Fortunately, they get the meat really right. (They should, considering the team behind Rippe's is the team behind Belltown's swelligant El Gaucho.) I have a terminal blind spot about primal cuts of meat, and can never remember what I like, although I know I don't like filet mignon--it's too lean and mushy. I asked my waiter to recommend something with more fat, and he pointed me happily toward the rib chop, kindly adding that it's more appropriate to refer to "marbling" than "fat," but energetically agreeing when I protested this bit of culinary correctness.

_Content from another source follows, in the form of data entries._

lemma norm_le_sum_abs_Re_Im:
  fixes z :: "complex^'n"
  shows "norm z \<le> (\<Sum>i\<in>(UNIV::('n \<times> bool) set). \<bar>if snd i then Im (z $ fst i) else Re (z $ fst i)\<bar>)"
proof -
  have "norm z \<le> (\<Sum>j\<in>UNIV. norm (z $ j))" unfolding norm_vec_def by (rule L2_set_le_sum) auto
  also have "\<dots> \<le> (\<Sum>j\<in>UNIV. \<bar>Re (z $ j)\<bar> + \<bar>Im (z $ j)\<bar>)"
    by (intro sum_mono cmod_le)
  also have "\<dots> = (\<Sum>j\<in>UNIV. \<Sum>b\<in>(UNIV::bool set). \<bar>if b then Im (z $ j) else Re (z $ j)\<bar>)"
    by (simp add: UNIV_bool add.commute)
  also have "\<dots> = (\<Sum>i\<in>(UNIV \<times> UNIV). \<bar>if snd i then Im (z $ fst i) else Re (z $ fst i)\<bar>)"
    by (subst sum.cartesian_product') (simp only: fst_conv snd_conv)
  finally show ?thesis by simp
qed

context subgaussian_family
begin

lemma Khintchine_vec:
  fixes v :: "'i \<Rightarrow> complex^3"
  assumes J: "finite J" and r: "r \<ge> 1"
  shows "(\<integral>\<^sup>+\<omega>. ennreal (norm (\<Sum>k\<in>J. l k \<omega> *\<^sub>R v k) powr r) \<partial>M)
           \<le> ennreal ((72 * exp c * sqrt r * sqrt (\<Sum>k\<in>J. (norm (v k))^2)) powr r)"
proof -
  define I where "I = (UNIV::(3 \<times> bool) set)"
  have card_I: "card I = 6" unfolding I_def by (simp add: card_UNIV_bool)
  define \<beta> where "\<beta> i k = (if snd i then Im (v k $ fst i) else Re (v k $ fst i))" for i :: "3 \<times> bool" and k
  define Z where "Z i \<omega> = \<bar>\<Sum>k\<in>J. l k \<omega> * \<beta> i k\<bar>" for i \<omega>
  define \<sigma> where "\<sigma> = sqrt (\<Sum>k\<in>J. (norm (v k))^2)"
  have r0: "r > 0" using r by auto
  have pointwise: "norm (\<Sum>k\<in>J. l k \<omega> *\<^sub>R v k) powr r \<le> 6 powr r * (\<Sum>i\<in>I. Z i \<omega> powr r)" for \<omega>
  proof -
    have "(if snd i then Im ((\<Sum>k\<in>J. l k \<omega> *\<^sub>R v k) $ fst i) else Re ((\<Sum>k\<in>J. l k \<omega> *\<^sub>R v k) $ fst i))
        = (\<Sum>k\<in>J. l k \<omega> * \<beta> i k)" for i
      by (simp add: \<beta>_def sum_component Re_sum Im_sum)
    then have "norm (\<Sum>k\<in>J. l k \<omega> *\<^sub>R v k) \<le> (\<Sum>i\<in>I. Z i \<omega>)"
      using norm_le_sum_abs_Re_Im[of "\<Sum>k\<in>J. l k \<omega> *\<^sub>R v k"] by (simp add: I_def Z_def)
    then have "norm (\<Sum>k\<in>J. l k \<omega> *\<^sub>R v k) powr r \<le> (\<Sum>i\<in>I. Z i \<omega>) powr r"
      using r0 by (intro powr_mono2) auto
    also have "\<dots> \<le> real (card I) powr r * (\<Sum>i\<in>I. Z i \<omega> powr r)"
      using r0 by (intro powr_sum_le_card_powr_sum) (auto simp: I_def Z_def)
    finally show ?thesis by (simp add: card_I)
  qed
  have \<beta>_le: "sqrt (\<Sum>k\<in>J. (\<beta> i k)^2) \<le> \<sigma>" for i
    unfolding \<sigma>_def
  proof (intro real_sqrt_le_mono sum_mono)
    fix k
    have "\<bar>\<beta> i k\<bar> \<le> norm (v k $ fst i)" by (auto simp: \<beta>_def abs_Re_le_cmod abs_Im_le_cmod)
    also have "\<dots> \<le> norm (v k)" by (rule Finite_Cartesian_Product.norm_nth_le)
    finally show "(\<beta> i k)^2 \<le> (norm (v k))^2"
      by (metis abs_ge_zero power2_abs power_mono)
  qed
  have "(\<integral>\<^sup>+\<omega>. ennreal (norm (\<Sum>k\<in>J. l k \<omega> *\<^sub>R v k) powr r) \<partial>M)
      \<le> (\<integral>\<^sup>+\<omega>. ennreal (6 powr r) * (\<Sum>i\<in>I. ennreal (Z i \<omega> powr r)) \<partial>M)"
    using pointwise by (intro nn_integral_mono) (simp add: ennreal_mult[symmetric] sum_ennreal sum_nonneg ennreal_leI)
  also have "\<dots> = ennreal (6 powr r) * (\<Sum>i\<in>I. (\<integral>\<^sup>+\<omega>. ennreal (Z i \<omega> powr r) \<partial>M))"
    by (simp add: Z_def nn_integral_cmult nn_integral_sum del: sum_ennreal)
  also have "\<dots> \<le> ennreal (6 powr r) * (\<Sum>i\<in>I. ennreal (2 * (exp c * sqrt r * \<sigma>) powr r))"
  proof (intro mult_left_mono sum_mono)
    fix i
    have "(\<integral>\<^sup>+\<omega>. ennreal (Z i \<omega> powr r) \<partial>M) \<le> ennreal (2 * (exp c * sqrt r * sqrt (\<Sum>k\<in>J. (\<beta> i k)^2)) powr r)"
      unfolding Z_def by (rule Khintchine_real[OF J r0])
    also have "\<dots> \<le> ennreal (2 * (exp c * sqrt r * \<sigma>) powr r)"
      using \<beta>_le[of i] r0 by (intro ennreal_leI mult_left_mono powr_mono2) (auto intro!: mult_nonneg_nonneg sum_nonneg)
    finally show "(\<integral>\<^sup>+\<omega>. ennreal (Z i \<omega> powr r) \<partial>M) \<le> ennreal (2 * (exp c * sqrt r * \<sigma>) powr r)" .
  qed auto
  also have "\<dots> = ennreal (12 * 6 powr r * (exp c * sqrt r * \<sigma>) powr r)"
    by (simp add: card_I ennreal_mult[symmetric] numeral_mult_ennreal mult_ac)
  also have "12 * 6 powr r * (exp c * sqrt r * \<sigma>) powr r \<le> 12 powr r * 6 powr r * (exp c * sqrt r * \<sigma>) powr r"
    using powr_mono[of 1 r "12::real"] r by (intro mult_right_mono) auto
  also have "\<dots> = (72 * exp c * sqrt r * \<sigma>) powr r"
    by (simp add: powr_mult[symmetric] \<sigma>_def mult_ac)
  finally show ?thesis unfolding \<sigma>_def by (simp add: ennreal_leI)
qed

I ordered the rib chop ($23.95), and I ordered it rare. They are not afraid of rare at Rippe's--it was nearly what the French call bleu. I put all thoughts of prions out of my mind and ate. Silky, beefy, and tender but not the least bit mushy. There was no need, as E. F. Benson's Miss Mapp did, to chew manfully until her jaws gave out. It was served with a deep, rich, peppery beef demi-glace, which I learned, thanks to our excellent waiter, is what you serve with a cowboy steak. My husband ordered a T-bone ($25.95), which means you get both strip and tenderloin, and he ordered it medium-rare. He ate the entire thing and then sat back stunned in his seat. I tasted a scrap he had missed from the strip side of the steak; I liked it, but as it turns out, I am more of a rib-chop girl.

This perfect texture and full taste is due, as I understand it, to a full 28 days of dry aging, which almost anyone can explain to you better than I can, although I know, thanks to Jeffrey Steingarten's It Must've Been Something I Ate, that it takes at least three weeks for meat to dry-age to perfect tenderness, and after that it develops flavor. Steingarten prefers meat aged six weeks, after which it gets what's known as "high," but the four-week version tastes pretty good to me.

On the way home, as I tried to keep from dozing off in the car, I was reminded of Joseph Mitchell's excellent essay on the old New York steak dinner (or "beefsteak"), in which he mourned, in his polite Southern fashion, the days when "a man [would] do away with more than six pounds of meat and thirty glasses of beer." What changed the etiquette of the beefsteak was the arrival of women, newly enfranchised, because "women do not esteem a glutton." Except when the woman is a glutton, I suppose.